Чувствовалось приближение рокового Колпашево, где помещалось управление Нарымской ссылкой. Уже тщательно проверили наличие билетов у пассажиров и правильно разместили их по классам: ГПУ преследует не только беглецов из ссылок, но и безбилетных пассажиров, направляет их на принудительный каторжный труд. Мое волнение достигло наивысших пределов. Последняя остановка перед Колпашевым, тут обыкновенно садятся агенты ГПУ для проверки документов у пассажиров, едущих из ссыльного района (Нарымский край) вверх по Оби. Я у сходней. Наблюдаю. У меня глаз привычный: коммунистов узнаю всегда.

Наконец, после краткой остановки пароход тронулся. Как-будто не сели агенты ГПУ. Что за причина? Вообще же говоря, проверка документов, по моим сведениям, не отличалась тщательностью. С подложным документом проскочить мимо Колпашево просто было. По моим разведкам мне заранее известно было, что иногда перед Колпашевым документов ГПУ не проверяет, а проводит эту проверку на последнем переходе перед Томском, где и сдает пойманных в побеге. Но только это бывало раньше очень редко. Правда и то, что правила ГПУ по проверке документов менялись очень часто, дабы лучше достичь результатов.

Подходим к Колпашеву. Остановка. Грузить и разгружать нечего, сейчас пойдем дальше. Самая опасная часть пути как-будто пройдена. Молитвы матери мне помогли. Как я усердно молился о счастливом исходе. Тридцать четыре часа до Колпашева волновалось сердце.
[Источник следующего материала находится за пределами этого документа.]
lemma residue_exponent_eventually_const:
  assumes "\<forall>p\<in>symbol_polys k. nonzero_lpoly p \<and> generic_dir x p"
  shows "eventually (\<lambda>y. residue_exponent k y = residue_exponent k x) (at x)"
proof -
  have "finite (symbol_polys k)" by (simp add: symbol_polys_def)
  then have "eventually (\<lambda>y. \<forall>p\<in>symbol_polys k. newton_vertex y p = newton_vertex x p) (at x)"
    using assms newton_vertex_eventually_const by (simp add: eventually_ball_finite)
  then show ?thesis
    by eventually_elim
       (auto simp: residue_exponent_def tame_exponent_def symbol_polys_def intro!: arg_cong[where f = sum_list])
qed

lemma initial_monomial_newton_vertex:
  assumes "l \<noteq> (0, 0)" "nonzero_lpoly p" "generic_dir (ray l) p"
  shows "initial_monomial l m p (newton_vertex (ray l) p)"
  using assms newton_vertex_strict_max[OF assms(2,3)]
  by (intro initial_monomialI) (auto simp: nonzero_lpoly_def dot_ray_less_iff[symmetric])

lemma tame_eq_monomial:
  assumes "wedge m l = 1" "symbol_ok fg"
    and "\<forall>p\<in>{fst (fst fg), snd (fst fg), fst (snd fg), snd (snd fg)}. generic_dir (ray l) p"
  shows "\<exists>c. c \<noteq> 0 \<and> (\<forall>z. z \<noteq> 0 \<longrightarrow> tame l m fg z = c * z powi tame_exponent (ray l) fg)"
proof -
  obtain p1 q1 p2 q2 where fg: "fg = ((p1, q1), (p2, q2))" by (metis prod.collapse)
  have "initial_monomial l m p (newton_vertex (ray l) p)" if "p \<in> {p1, q1, p2, q2}" for p
    using assms that wedge_eq_1_imp_nonzero[OF assms(1)]
    by (intro initial_monomial_newton_vertex) (auto simp: fg symbol_ok_def)
  then show ?thesis
    unfolding fg tame_exponent_def by (intro tame_of_initial_monomials[OF assms(1)]) simp_all
qed
(* Let $(G,S)$ and $(H,T)$ be finitely generated groups with finite generating sets, such that there exists a snake embedding $\phi:G\to H$ (from $(G,S)$ to $(H,T)$). Then the infinite snake problem (resp. the ouroboros problem) for $(G,S)$ many-one reduces to the infinite snake problem (resp. the ouroboros problem) for $(H,T)$.
   Context: An invertible-reversible transducer is a tuple $\mathcal M=(Q,S,T,q_0,\delta,\eta)$ with $Q$ a finite set of states, $q_0\in Q$, $\delta:Q\times S\to Q$, $\eta:Q\times S\to T$ with $\eta(q,\cdot)$ injective for every $q$, and such that for all $q\in Q$, $s\in S$ there is a unique $q'$ with $\delta(q',s)=q$. One extends by $\eta(q,s^{-1})=\eta(q',s)^{-1}$ and $\delta(q,s^{-1})=q'$ where $q'$ is the unique state with $\delta(q',s)=q$. For $w\in(S\cup S^{-1})^*$, $q_w$ is the state reached from $q_0$ after reading $w$, and $f_{\mathcal M}:(S\cup S^{-1})^*\to(T\cup T^{-1})^*$ is defined by $f_{\mathcal M}(\epsilon)=\epsilon$, $f_{\mathcal M}(ws^{\pm1})=f_{\mathcal M}(w)\eta(q_w,s^{\pm1})$. A map $\phi:G\to H$ is a snake embedding if there is such a transducer with $\phi(g)=\overline{f_{\mathcal M}(w)}$ for every word $w$ representing $g$, and $f_{\mathcal M}(w)=_H f_{\mathcal M}(w')$ iff $w=_G w'$. A tileset graph for $(G,S)$ is a finite multigraph $\Gamma=(A,B)$ with edges $(a,a',s)$, $a,a'\in A$, $s\in S\cup S^{-1}$, with $(a,a',s)\in B\Rightarrow(a',a,s^{-1})\in B$. A $\Gamma$-snake on $I\subseteq\mathbb{Z}$ ($I=\mathbb{Z}$, $\mathbb{N}$ or an interval) is $(\omega,\zeta)$, $\omega:I\to G$ injective, $\zeta:I\to A$, with $d\omega_i:=\omega(i)^{-1}\omega(i+1)\in S\cup S^{-1}$ and $(\zeta(i),\zeta(i+1),d\omega_i)\in B$ whenever $i,i+1\in I$. A $\Gamma$-ouroboros is such a pair on $\{0,\dots,n\}$, $n\ge3$, with $\omega$ injective on $\{0,\dots,n-1\}$ and $\omega(n)=\omega(0)$. The infinite snake problem (resp. ouroboros problem) for a group with generating set: given a tileset graph $\Gamma$, decide whether a $\Gamma$-snake on $\mathbb{Z}$ (resp. a $\Gamma$-ouroboros) exists. *)

theory Defs
  imports "HOL-Algebra.Generated_Groups" "HOL-Library.Nat_Bijection"
begin

datatype recf = Zer | Succ | Proj nat | Comp recf "recf list" | Prim recf recf | Minim recf

inductive reval :: "recf \<Rightarrow> nat list \<Rightarrow> nat \<Rightarrow> bool" where
  zer: "reval Zer xs 0"
| succ: "reval Succ (x # xs) (Suc x)"
| proj: "i < length xs \<Longrightarrow> reval (Proj i) xs (xs ! i)"
| comp: "length ys = length gs \<Longrightarrow> (\<forall>j < length gs. reval (gs ! j) xs (ys ! j))
          \<Longrightarrow> reval f ys z \<Longrightarrow> reval (Comp f gs) xs z"
| prim0: "reval f xs y \<Longrightarrow> reval (Prim f g) (0 # xs) y"
| primS: "reval (Prim f g) (n # xs) y \<Longrightarrow> reval g (n # y # xs) z
          \<Longrightarrow> reval (Prim f g) (Suc n # xs) z"
| minim: "reval f (n # xs) 0 \<Longrightarrow> (\<forall>m < n. \<exists>y. reval f (m # xs) y \<and> 0 < y)
          \<Longrightarrow> reval (Minim f) xs n"

definition computable :: "(nat \<Rightarrow> nat) \<Rightarrow> bool" where
  "computable f \<longleftrightarrow> (\<exists>r. \<forall>n. reval r [n] (f n))"

definition m_reducible :: "nat set \<Rightarrow> nat set \<Rightarrow> bool" where
  "m_reducible A B \<longleftrightarrow> (\<exists>f. computable f \<and> (\<forall>n. n \<in> A \<longleftrightarrow> f n \<in> B))"

text \<open>A finite generating set is given as a distinct list S of generators.
  A letter is a pair (i, b): (i, True) stands for S!i, (i, False) for its inverse.\<close>

definition fg_group :: "('g, 'a) monoid_scheme \<Rightarrow> 'g list \<Rightarrow> bool" where
  "fg_group G S \<longleftrightarrow> group G \<and> distinct S \<and> set S \<subseteq> carrier G \<and> generate G (set S) = carrier G"

definition lval :: "('g, 'a) monoid_scheme \<Rightarrow> 'g list \<Rightarrow> nat \<times> bool \<Rightarrow> 'g" where
  "lval G S l = (if snd l then S ! fst l else inv\<^bsub>G\<^esub> (S ! fst l))"

definition word_val :: "('g, 'a) monoid_scheme \<Rightarrow> 'g list \<Rightarrow> (nat \<times> bool) list \<Rightarrow> 'g" where
  "word_val G S w = foldr (\<lambda>l x. lval G S l \<otimes>\<^bsub>G\<^esub> x) w \<one>\<^bsub>G\<^esub>"

definition words :: "nat \<Rightarrow> (nat \<times> bool) list set" where
  "words k = {w. \<forall>l \<in> set w. fst l < k}"
lemma is_seq_seq_rev:
  assumes "full U" "is_seq U" "is_seq V"
  shows "is_seq (seq_rev U V)"
proof -
  let ?n = "length U"
  have "k = k'"
    if k: "k < length V * ?n" "k' < length V * ?n"
      and w: "w \<in> seq_rev U V ! k" "w \<in> seq_rev U V ! k'" for k k' w
  proof -
    have "0 < ?n" using k by (cases ?n) auto
    then have "k mod ?n < ?n" "k' mod ?n < ?n" "k div ?n < length V" "k' div ?n < length V"
      using k by (simp_all add: less_mult_imp_div_less)
    moreover have "w \<in> U ! (k mod ?n) \<inter> U ! (k' mod ?n)" "w \<in> V ! (k div ?n) \<inter> V ! (k' div ?n)"
      using w by (simp_all add: nth_seq_rev[OF assms(1) k(1)] nth_seq_rev[OF assms(1) k(2)])
    ultimately have "k mod ?n = k' mod ?n" "k div ?n = k' div ?n"
      using assms(2,3) unfolding is_seq_def by blast+
    then show "k = k'" by (metis div_mult_mod_eq)
  qed
  moreover have "seq_rev U V \<noteq> []"
  proof
    assume "seq_rev U V = []"
    then have "length V * ?n = 0" by (simp flip: length_seq_rev[OF assms(1)])
    with assms(2,3) show False by (simp add: is_seq_def)
  qed
  ultimately show ?thesis unfolding is_seq_def length_seq_rev[OF assms(1)] by auto
qed

lemma world_rank_seq_rev:
  assumes "full U" "is_seq U" "is_seq V"
  shows "world_rank (seq_rev U V) w = world_rank V w * enat (length U) + world_rank U w"
proof -
  let ?n = "length U"
  have "w \<in> \<Union>(set U)" using assms(1) by (simp add: full_def)
  then obtain i where i: "i < ?n" "w \<in> U ! i" by (auto simp: in_set_conv_nth)
  have rU: "world_rank U w = enat i" using world_rank_nth[OF assms(2) i] .
  have "?n \<noteq> 0" using i by auto
  show ?thesis
  proof (cases "w \<in> \<Union>(set V)")
    case True
    then obtain j where j: "j < length V" "w \<in> V ! j" by (auto simp: in_set_conv_nth)
    have "j * ?n + i < Suc j * ?n" using i by simp
    also have "\<dots> \<le> length V * ?n" using j by (intro mult_le_mono1) simp
    finally have k: "j * ?n + i < length V * ?n" .
    have "(j * ?n + i) mod ?n = i" using i(1) by simp
    moreover have "(j * ?n + i) div ?n = j" using i(1) by (intro div_nat_eqI) (simp_all add: mult.commute)
    ultimately have "w \<in> seq_rev U V ! (j * ?n + i)" using i j by (simp add: nth_seq_rev[OF assms(1) k])
    then have "world_rank (seq_rev U V) w = enat (j * ?n + i)"
      using k by (intro world_rank_nth is_seq_seq_rev assms) (simp_all add: length_seq_rev[OF assms(1)])
    then show ?thesis using world_rank_nth[OF assms(3) j] rU by simp
  next
    case False
    then have "w \<notin> \<Union>(set (seq_rev U V))" using assms(1) by (auto simp: seq_rev_full)
    with False have "world_rank (seq_rev U V) w = \<infinity>" "world_rank V w = \<infinity>"
      by (simp_all add: world_rank_eq_infinity_iff)
    then show ?thesis using \<open>?n \<noteq> 0\<close> by (simp add: rU)
  qed
qed
(* Let $p_i(s)=\gamma_i/(m_is+d_i)$ for $i=1,\dots,n$, where $m_i\ge0$, $d_i>0$ and $\gamma_i>0$ for all $i$. Then there exists $h\in\mathrm{PR}\cap\mathscr{A}_0$ such that $p_1,\ldots,p_n\in\mathcal{P}_h$.
   Context: $\mathscr{H}_\infty$: functions analytic and bounded on $\mathrm{Re}(s)>0$; $\mathscr{A}_0$: those in $\mathscr{H}_\infty$ extending continuously to $j\mathbb{R}\cup\{\infty\}$. $g\in\mathrm{PR}$ if $g$ is analytic in $\mathrm{Re}(s)>0$, real for positive real $s$, and $\mathrm{Re}(g(s))\ge0$ for $\mathrm{Re}(s)>0$; $g\in\mathrm{ESPR}$ if moreover $g\in\mathscr{A}_0$ and $g-\epsilon\in\mathrm{PR}$ for some $\epsilon>0$. $\mathcal{P}_h:=\{p\in\mathscr{H}_\infty: p(0)\ne0,\ h(s)(1+p(s)/s)\in\mathrm{ESPR}\}$. *)

theory Defs
  imports "HOL-Analysis.Analysis"
begin

definition RHP :: "complex set" where
  "RHP = {s. Re s > 0}"

definition cRHP :: "complex set" where
  "cRHP = {s. Re s \<ge> 0}"

definition Hinf :: "(complex \<Rightarrow> complex) set" where
  "Hinf = {f. f analytic_on RHP \<and> (\<exists>B. \<forall>s\<in>RHP. norm (f s) \<le> B)}"

definition A0 :: "(complex \<Rightarrow> complex) set" where
  "A0 = {f. f \<in> Hinf \<and>
          (\<exists>g. continuous_on cRHP g \<and> (\<forall>s\<in>RHP. g s = f s) \<and>
               (\<exists>L. \<forall>e>0. \<exists>R. \<forall>s\<in>cRHP. norm s \<ge> R \<longrightarrow> norm (g s - L) < e))}"

definition PR :: "(complex \<Rightarrow> complex) set" where
  "PR = {g. g analytic_on RHP \<and> (\<forall>x::real. x > 0 \<longrightarrow> g (complex_of_real x) \<in> \<real>) \<and>
           (\<forall>s\<in>RHP. Re (g s) \<ge> 0)}"

definition ESPR :: "(complex \<Rightarrow> complex) set" where
  "ESPR = {g. g \<in> PR \<and> g \<in> A0 \<and> (\<exists>e::real. e > 0 \<and> (\<lambda>s. g s - complex_of_real e) \<in> PR)}"

definition Pset :: "(complex \<Rightarrow> complex) \<Rightarrow> (complex \<Rightarrow> complex) set" where
  "Pset h = {p. p \<in> Hinf \<and> p 0 \<noteq> 0 \<and> (\<lambda>s. h s * (1 + p s / s)) \<in> ESPR}"

end

theory Submission
  imports Defs
begin

text \<open>Take \<open>h(s) = s / (s + a)\<close> with \<open>a \<ge> 8 \<gamma>\<^sub>i / d\<^sub>i\<close> for all \<open>i\<close>. Then
  \<open>h(s) (1 + p\<^sub>i(s) / s) = (s + p\<^sub>i(s)) / (s + a)\<close> is a rational function, continuous on the
  closed half-plane and tending to 1 at infinity, hence in \<open>A\<^sub>0\<close>. Writing \<open>s = x + iy\<close>,
  \<open>|s + a|\<^sup>2\<close> times its real part is
  \<open>x\<^sup>2 + y\<^sup>2 + a x + \<gamma> Re((m s + d)(s + a)) / |m s + d|\<^sup>2\<close>; the choice of \<open>a\<close> makes the
  last term dominate a small multiple of \<open>|s + a|\<^sup>2\<close> near the origin, while \<open>x\<^sup>2 + y\<^sup>2\<close>
  does so far away. So the real part is bounded below by some \<open>\<epsilon> > 0\<close>.\<close>

lemma sum_squares_shift_pos:
  fixes x y m d :: real
  assumes "0 \<le> x" "0 \<le> m" "0 < d"
  shows "0 < (m*x + d)\<^sup>2 + m\<^sup>2 * y\<^sup>2"
proof -
  have "0 < m*x + d"
    using assms by (simp add: add_nonneg_pos)
  then show ?thesis
    by (intro add_pos_nonneg) auto
qed

lemma first_order_term_ge_neg:
  fixes x y m d a \<gamma> :: real
  assumes "0 \<le> x" "0 < m" "0 < d" "0 \<le> a" "0 \<le> \<gamma>"
  shows "- (\<gamma> / m) \<le> \<gamma> * ((m*x + d) * (x + a) - m * y\<^sup>2) / ((m*x + d)\<^sup>2 + m\<^sup>2 * y\<^sup>2)"
proof -
  define Q where "Q = (m*x + d)\<^sup>2 + m\<^sup>2 * y\<^sup>2"
  have Q: "0 < Q"
    unfolding Q_def using assms by (intro sum_squares_shift_pos) auto
  have "\<gamma> * m * y\<^sup>2 \<le> \<gamma> / m * Q"
    unfolding Q_def using assms by (simp add: field_simps power2_eq_square)
  moreover have "0 \<le> \<gamma> * ((m*x + d) * (x + a))"
    using assms by simp
  ultimately have "- (\<gamma> / m) * Q \<le> \<gamma> * ((m*x + d) * (x + a) - m * y\<^sup>2)"
    by (simp add: algebra_simps)
  with Q show ?thesis
    unfolding Q_def by (simp add: le_divide_eq)
qed

lemma first_order_term_ge_half:
  fixes x y m d a \<gamma> :: real
  assumes "0 \<le> x" "0 \<le> m" "0 < d" "0 \<le> a" "0 \<le> \<gamma>" "2 * m * y\<^sup>2 \<le> d * a"
  shows "\<gamma> * (d * a / 2) / ((m*x + d)\<^sup>2 + m\<^sup>2 * y\<^sup>2)
           \<le> \<gamma> * ((m*x + d) * (x + a) - m * y\<^sup>2) / ((m*x + d)\<^sup>2 + m\<^sup>2 * y\<^sup>2)"
proof -
  have "d * a \<le> (m*x + d) * (x + a)"
    using assms by (intro mult_mono) auto
  then have "d * a / 2 \<le> (m*x + d) * (x + a) - m * y\<^sup>2"
    using assms(6) by linarith
  then have "\<gamma> * (d * a / 2) \<le> \<gamma> * ((m*x + d) * (x + a) - m * y\<^sup>2)"
    using assms(5) by (rule mult_left_mono)
  then show ?thesis
    by (rule divide_right_mono) simp
qed

lemma sum_squares_shift_le:
  fixes x y m d a :: real
  assumes "0 \<le> x" "x \<le> 1" "0 \<le> m" "0 \<le> d" "m * y\<^sup>2 \<le> d * a"
  shows "(m*x + d)\<^sup>2 + m\<^sup>2 * y\<^sup>2 \<le> (m + d)\<^sup>2 + m * d * a"
proof -
  have "(m*x + d)\<^sup>2 \<le> (m + d)\<^sup>2"
    using assms by (intro power_mono) (auto simp: mult_left_le)
  moreover have "m\<^sup>2 * y\<^sup>2 \<le> m * d * a"
    using mult_left_mono[OF assms(5,3)] by (simp add: power2_eq_square mult.assoc)
  ultimately show ?thesis
    by linarith
qed

text \<open>If \<open>y\<^sup>2\<close> is large, it pays for the possibly negative first-order term; otherwise that
  term is positive, and uniformly so for \<open>x \<le> 1\<close>, while for \<open>x \<ge> 1\<close> the term \<open>a x\<close> suffices.\<close>

lemma washout_constant_term_bound:
  fixes x y m d a \<gamma> e :: real
  assumes x: "0 \<le> x" and m: "0 \<le> m" and d: "0 < d" and a: "0 < a" and \<gamma>: "0 < \<gamma>"
    and \<gamma>_le: "8 * \<gamma> \<le> d * a"
    and e: "e * (2 * a) \<le> 1" "e * (8 * a * m) \<le> d"
      "e * (2 * a * ((m + d)\<^sup>2 + m * d * a)) \<le> \<gamma> * d"
  shows "e * a\<^sup>2 \<le> 3/4 * x\<^sup>2 + 3/4 * y\<^sup>2 + a * x / 2
           + \<gamma> * ((m*x + d) * (x + a) - m * y\<^sup>2) / ((m*x + d)\<^sup>2 + m\<^sup>2 * y\<^sup>2)"
proof -
  define Q where "Q = (m*x + d)\<^sup>2 + m\<^sup>2 * y\<^sup>2"
  define T where "T = \<gamma> * ((m*x + d) * (x + a) - m * y\<^sup>2) / Q"
  have nonneg: "0 \<le> a * x" "0 \<le> x\<^sup>2" "0 \<le> y\<^sup>2" "0 \<le> m * y\<^sup>2"
    using a x m by simp_all
  have "e * a\<^sup>2 \<le> 3/4 * x\<^sup>2 + 3/4 * y\<^sup>2 + a * x / 2 + T"
  proof (cases "d * a \<le> 2 * m * y\<^sup>2")
    case True
    then have "0 < m"
      using mult_pos_pos[OF d a] m by (cases "m = 0") auto
    then have "- (\<gamma> / m) \<le> T"
      unfolding T_def Q_def using x d a \<gamma> by (intro first_order_term_ge_neg) auto
    moreover have "e * a\<^sup>2 \<le> d * a / (8 * m)" "\<gamma> / m \<le> d * a / (8 * m)"
      "3 * (d * a / (8 * m)) \<le> 3/4 * y\<^sup>2" "0 \<le> d * a / (8 * m)"
      using \<open>0 < m\<close> a d e(2) \<gamma>_le True by (auto simp: field_simps power2_eq_square)
    ultimately show ?thesis
      using nonneg by linarith
  next
    case False
    then have T: "\<gamma> * (d * a / 2) / Q \<le> T"
      unfolding T_def Q_def using x m d a \<gamma> by (intro first_order_term_ge_half) auto
    have "e * a\<^sup>2 \<le> a * x / 2 + \<gamma> * (d * a / 2) / Q"
    proof (cases "1 \<le> x")
      case True
      have "e * a\<^sup>2 \<le> a * x / 2"
        using e(1) a True by (simp add: field_simps power2_eq_square)
      moreover have "0 \<le> \<gamma> * (d * a / 2) / Q"
        unfolding Q_def using \<gamma> d a by simp
      ultimately show ?thesis
        by linarith
    next
      case False
      have "m * y\<^sup>2 \<le> d * a"
        using \<open>\<not> d * a \<le> 2 * m * y\<^sup>2\<close> nonneg(4) by linarith
      then have "Q \<le> (m + d)\<^sup>2 + m * d * a"
        unfolding Q_def using x False m d by (intro sum_squares_shift_le) auto
      moreover have "0 < Q"
        unfolding Q_def using x m d by (rule sum_squares_shift_pos)
      ultimately have "\<gamma> * (d * a / 2) / ((m + d)\<^sup>2 + m * d * a) \<le> \<gamma> * (d * a / 2) / Q"
        using \<gamma> d a by (intro divide_left_mono) auto
      moreover have "e * a\<^sup>2 \<le> \<gamma> * (d * a / 2) / ((m + d)\<^sup>2 + m * d * a)"
      proof -
        have "e * a\<^sup>2 * ((m + d)\<^sup>2 + m * d * a) = a / 2 * (e * (2 * a * ((m + d)\<^sup>2 + m * d * a)))"
          by (simp add: power2_eq_square)
        also have "\<dots> \<le> a / 2 * (\<gamma> * d)"
          using e(3) a by (intro mult_left_mono) auto
        finally show ?thesis
          using a d m by (subst pos_le_divide_eq) (auto intro: add_pos_nonneg simp: mult_ac)
      qed
      ultimately show ?thesis
        using nonneg by linarith
    qed
    with T show ?thesis
      using nonneg by linarith
  qed
  then show ?thesis
    unfolding T_def Q_def .
qed

lemma washout_real_part_bound:
  fixes x y m d a \<gamma> e :: real
  assumes x: "0 \<le> x" and m: "0 \<le> m" and d: "0 < d" and a: "0 < a" and \<gamma>: "0 < \<gamma>"
    and \<gamma>_le: "8 * \<gamma> \<le> d * a"
    and e: "e * 4 \<le> 1" "e * (2 * a) \<le> 1" "e * (8 * a * m) \<le> d"
      "e * (2 * a * ((m + d)\<^sup>2 + m * d * a)) \<le> \<gamma> * d"
  shows "e * ((x + a)\<^sup>2 + y\<^sup>2)
           \<le> x\<^sup>2 + y\<^sup>2 + a * x + \<gamma> * ((m*x + d) * (x + a) - m * y\<^sup>2) / ((m*x + d)\<^sup>2 + m\<^sup>2 * y\<^sup>2)"
proof -
  have quarter: "e * t \<le> t / 4" if "0 \<le> t" for t
    using mult_right_mono[OF e(1) that] by simp
  have "e * ((x + a)\<^sup>2 + y\<^sup>2) = e * x\<^sup>2 + e * y\<^sup>2 + 2 * (e * (a * x)) + e * a\<^sup>2"
    by (simp add: power2_eq_square algebra_simps)
  moreover have "e * x\<^sup>2 \<le> x\<^sup>2 / 4" "e * y\<^sup>2 \<le> y\<^sup>2 / 4" "e * (a * x) \<le> a * x / 4"
    using quarter[of "x\<^sup>2"] quarter[of "y\<^sup>2"] quarter[of "a * x"] a x by simp_all
  ultimately show ?thesis
    using washout_constant_term_bound[OF x m d a \<gamma> \<gamma>_le e(2-4), of y] by linarith
qed

lemma open_RHP: "open RHP"
  unfolding RHP_def by (rule open_halfspace_Re_gt)

lemma le_norm_mult_add_of_real:
  assumes "0 \<le> Re s" "0 \<le> m"
  shows "d \<le> cmod (of_real m * s + of_real d)"
proof -
  have "d \<le> Re (of_real m * s + of_real d)"
    using assms by simp
  also have "\<dots> \<le> cmod (of_real m * s + of_real d)"
    by (rule complex_Re_le_cmod)
  finally show ?thesis .
qed

lemma norm_le_norm_add_of_real:
  assumes "0 \<le> Re s" "0 \<le> a"
  shows "cmod s \<le> cmod (s + of_real a)"
proof -
  have "(Re s)\<^sup>2 \<le> (Re s + a)\<^sup>2"
    using assms by (intro power_mono) auto
  then have "(cmod s)\<^sup>2 \<le> (cmod (s + of_real a))\<^sup>2"
    by (simp add: cmod_power2)
  then show ?thesis
    by (rule power2_le_imp_le) simp
qed

lemma mult_add_of_real_neq_0:
  assumes "0 \<le> Re s" "0 \<le> m" "0 < d"
  shows "of_real m * s + of_real d \<noteq> 0"
  using le_norm_mult_add_of_real[OF assms(1,2), of d] assms(3) by auto

lemma A0_I:
  assumes hol: "g holomorphic_on RHP" and cont: "continuous_on cRHP g"
    and eq: "\<And>s. s \<in> RHP \<Longrightarrow> f s = g s" and a: "0 < a"
    and decay: "\<And>s. s \<in> cRHP \<Longrightarrow> cmod (g s - L) \<le> C / cmod (s + of_real a)"
  shows "f \<in> A0"
proof -
  have "f holomorphic_on RHP"
    using hol by (rule holomorphic_transform) (simp add: eq)
  then have analytic: "f analytic_on RHP"
    by (simp add: analytic_on_open open_RHP)
  have a_le: "a \<le> cmod (s + of_real a)" if "s \<in> cRHP" for s
    using le_norm_mult_add_of_real[of s 1 a] that by (simp add: cRHP_def)
  have C: "0 \<le> C"
  proof -
    have "cmod (g 0 - L) \<le> C / a"
      using decay[of 0] a by (simp add: cRHP_def)
    then have "0 \<le> C / a"
      by (rule order_trans[OF norm_ge_zero])
    then show ?thesis
      using a by (simp add: zero_le_divide_iff)
  qed
  have "cmod (f s) \<le> cmod L + C / a" if "s \<in> RHP" for s
  proof -
    have s: "s \<in> cRHP"
      using that by (simp add: RHP_def cRHP_def)
    have "cmod (f s) \<le> cmod L + cmod (g s - L)"
      using eq[OF that] norm_triangle_ineq2[of "g s" L] by simp
    also have "\<dots> \<le> cmod L + C / cmod (s + of_real a)"
      using decay[OF s] by simp
    also have "\<dots> \<le> cmod L + C / a"
      using a_le[OF s] a C by (simp add: frac_le)
    finally show ?thesis .
  qed
  then have "f \<in> Hinf"
    unfolding Hinf_def using analytic by blast
  moreover have "\<exists>R. \<forall>s\<in>cRHP. R \<le> cmod s \<longrightarrow> cmod (g s - L) < \<epsilon>" if "0 < \<epsilon>" for \<epsilon>
  proof (intro exI ballI impI)
    fix s assume s: "s \<in> cRHP" and R: "C / \<epsilon> + 1 \<le> cmod s"
    have "0 \<le> C / \<epsilon>"
      using C that by simp
    with R have s_pos: "0 < cmod s"
      by linarith
    have s_le: "cmod s \<le> cmod (s + of_real a)"
      using s a by (intro norm_le_norm_add_of_real) (auto simp: cRHP_def)
    have "cmod (g s - L) \<le> C / cmod (s + of_real a)"
      by (rule decay[OF s])
    also have "\<dots> \<le> C / cmod s"
      using s_le s_pos by (intro divide_left_mono C mult_pos_pos) auto
    also have "\<dots> < \<epsilon>"
    proof -
      have "C + \<epsilon> \<le> \<epsilon> * cmod s"
        using mult_left_mono[OF R, of \<epsilon>] that by (simp add: distrib_left)
      then show ?thesis
        unfolding pos_divide_less_eq[OF s_pos] using that by linarith
    qed
    finally show "cmod (g s - L) < \<epsilon>" .
  qed
  ultimately show ?thesis
    unfolding A0_def using cont eq by (intro CollectI conjI exI[of _ g]) auto
qed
По моему соображению, перед Колпашевым документов на сей раз не проверили потому, что раньше уже прошли два парохода, перегруженные народом, и на нашем пароходе не ожидалось пассажиров. А, может быть, и потому не проверяли, что отложили этот акт до Томска. Вернее же всего предположение то, что про этот пароход забыли: два больших парохода прошли, откуда быть третьему, да еще небольшому? Можно совместить и все три объяснения.

Стою у своей крайней каюты. Соседняя каюта свободна. В мой коридор входят трое с чемоданами, кто-то из них едет. А двое провожают. Обычные прощальные разговоры. Уезжает главный доктор в Колпашеве. Один из провожающих… начальник ГПУ в Колпашеве (это, конечно, я потом узнал от доктора). Я спокоен. Вдруг красноармеец с винтовкой подает ему пакет, запыхавшись. Видимо, с парохода пакет передали в Управление по принятому порядку, а там ввиду срочности пакета вернули его на пароход в собственные руки стоявшему около меня начальнику ГПУ. Он читает адрес и, не вскрывая, говорит: «Тут на пароходе наш сотрудник, передайте ему». Красноармеец взял страшный пакет и ушел.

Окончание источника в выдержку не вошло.